**Brief:** All of the entries below are to be copied without any alteration.

**Given entries:**

== Segment start ==

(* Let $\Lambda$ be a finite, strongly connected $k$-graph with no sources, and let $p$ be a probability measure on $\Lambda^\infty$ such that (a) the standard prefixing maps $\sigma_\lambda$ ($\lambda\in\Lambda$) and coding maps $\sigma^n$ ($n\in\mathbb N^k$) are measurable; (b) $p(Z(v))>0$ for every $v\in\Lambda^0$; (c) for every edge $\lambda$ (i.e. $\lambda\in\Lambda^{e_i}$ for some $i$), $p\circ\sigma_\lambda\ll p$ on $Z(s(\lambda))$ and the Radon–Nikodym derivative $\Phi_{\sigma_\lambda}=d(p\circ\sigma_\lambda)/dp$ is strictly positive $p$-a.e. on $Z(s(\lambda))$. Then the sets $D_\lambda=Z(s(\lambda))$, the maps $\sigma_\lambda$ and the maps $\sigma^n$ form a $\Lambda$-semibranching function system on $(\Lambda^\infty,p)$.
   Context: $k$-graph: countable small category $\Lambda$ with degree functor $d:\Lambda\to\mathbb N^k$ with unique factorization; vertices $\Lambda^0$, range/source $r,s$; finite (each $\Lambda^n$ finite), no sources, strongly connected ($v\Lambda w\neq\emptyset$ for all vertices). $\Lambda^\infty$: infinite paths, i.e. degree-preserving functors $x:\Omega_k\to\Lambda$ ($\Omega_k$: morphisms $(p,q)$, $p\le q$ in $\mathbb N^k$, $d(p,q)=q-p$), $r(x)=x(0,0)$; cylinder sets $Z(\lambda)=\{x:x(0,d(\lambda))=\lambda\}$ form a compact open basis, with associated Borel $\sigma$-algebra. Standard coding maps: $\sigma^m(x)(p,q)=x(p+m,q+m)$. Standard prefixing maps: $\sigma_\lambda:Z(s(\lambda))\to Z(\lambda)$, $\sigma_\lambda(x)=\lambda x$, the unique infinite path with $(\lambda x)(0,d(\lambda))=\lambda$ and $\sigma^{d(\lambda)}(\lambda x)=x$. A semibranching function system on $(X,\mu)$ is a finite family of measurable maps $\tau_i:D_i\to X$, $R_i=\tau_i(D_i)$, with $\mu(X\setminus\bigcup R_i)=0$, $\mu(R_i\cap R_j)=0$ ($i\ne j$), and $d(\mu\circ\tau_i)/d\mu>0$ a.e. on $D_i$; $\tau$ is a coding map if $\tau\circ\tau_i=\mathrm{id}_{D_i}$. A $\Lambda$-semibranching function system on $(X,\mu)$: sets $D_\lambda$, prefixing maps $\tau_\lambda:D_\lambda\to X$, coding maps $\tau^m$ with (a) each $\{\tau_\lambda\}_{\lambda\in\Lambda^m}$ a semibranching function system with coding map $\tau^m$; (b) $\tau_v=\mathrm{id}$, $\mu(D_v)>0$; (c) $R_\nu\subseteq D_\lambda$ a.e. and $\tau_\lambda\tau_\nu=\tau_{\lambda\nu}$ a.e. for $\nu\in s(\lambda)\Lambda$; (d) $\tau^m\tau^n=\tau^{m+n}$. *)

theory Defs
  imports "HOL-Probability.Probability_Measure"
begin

== Segment end ==

**Task response:**
(* Let $\Lambda$ be a finite, strongly connected $k$-graph with no sources, and let $p$ be a probability measure on $\Lambda^\infty$ such that (a) the standard prefixing maps $\sigma_\lambda$ ($\lambda\in\Lambda$) and coding maps $\sigma^n$ ($n\in\mathbb N^k$) are measurable; (b) $p(Z(v))>0$ for every $v\in\Lambda^0$; (c) for every edge $\lambda$ (i.e. $\lambda\in\Lambda^{e_i}$ for some $i$), $p\circ\sigma_\lambda\ll p$ on $Z(s(\lambda))$ and the Radon–Nikodym derivative $\Phi_{\sigma_\lambda}=d(p\circ\sigma_\lambda)/dp$ is strictly positive $p$-a.e. on $Z(s(\lambda))$. Then the sets $D_\lambda=Z(s(\lambda))$, the maps $\sigma_\lambda$ and the maps $\sigma^n$ form a $\Lambda$-semibranching function system on $(\Lambda^\infty,p)$.
   Context: $k$-graph: countable small category $\Lambda$ with degree functor $d:\Lambda\to\mathbb N^k$ with unique factorization; vertices $\Lambda^0$, range/source $r,s$; finite (each $\Lambda^n$ finite), no sources, strongly connected ($v\Lambda w\neq\emptyset$ for all vertices). $\Lambda^\infty$: infinite paths, i.e. degree-preserving functors $x:\Omega_k\to\Lambda$ ($\Omega_k$: morphisms $(p,q)$, $p\le q$ in $\mathbb N^k$, $d(p,q)=q-p$), $r(x)=x(0,0)$; cylinder sets $Z(\lambda)=\{x:x(0,d(\lambda))=\lambda\}$ form a compact open basis, with associated Borel $\sigma$-algebra. Standard coding maps: $\sigma^m(x)(p,q)=x(p+m,q+m)$. Standard prefixing maps: $\sigma_\lambda:Z(s(\lambda))\to Z(\lambda)$, $\sigma_\lambda(x)=\lambda x$, the unique infinite path with $(\lambda x)(0,d(\lambda))=\lambda$ and $\sigma^{d(\lambda)}(\lambda x)=x$. A semibranching function system on $(X,\mu)$ is a finite family of measurable maps $\tau_i:D_i\to X$, $R_i=\tau_i(D_i)$, with $\mu(X\setminus\bigcup R_i)=0$, $\mu(R_i\cap R_j)=0$ ($i\ne j$), and $d(\mu\circ\tau_i)/d\mu>0$ a.e. on $D_i$; $\tau$ is a coding map if $\tau\circ\tau_i=\mathrm{id}_{D_i}$. A $\Lambda$-semibranching function system on $(X,\mu)$: sets $D_\lambda$, prefixing maps $\tau_\lambda:D_\lambda\to X$, coding maps $\tau^m$ with (a) each $\{\tau_\lambda\}_{\lambda\in\Lambda^m}$ a semibranching function system with coding map $\tau^m$; (b) $\tau_v=\mathrm{id}$, $\mu(D_v)>0$; (c) $R_\nu\subseteq D_\lambda$ a.e. and $\tau_\lambda\tau_\nu=\tau_{\lambda\nu}$ a.e. for $\nu\in s(\lambda)\Lambda$; (d) $\tau^m\tau^n=\tau^{m+n}$. *)

theory Defs
  imports "HOL-Probability.Probability_Measure"
begin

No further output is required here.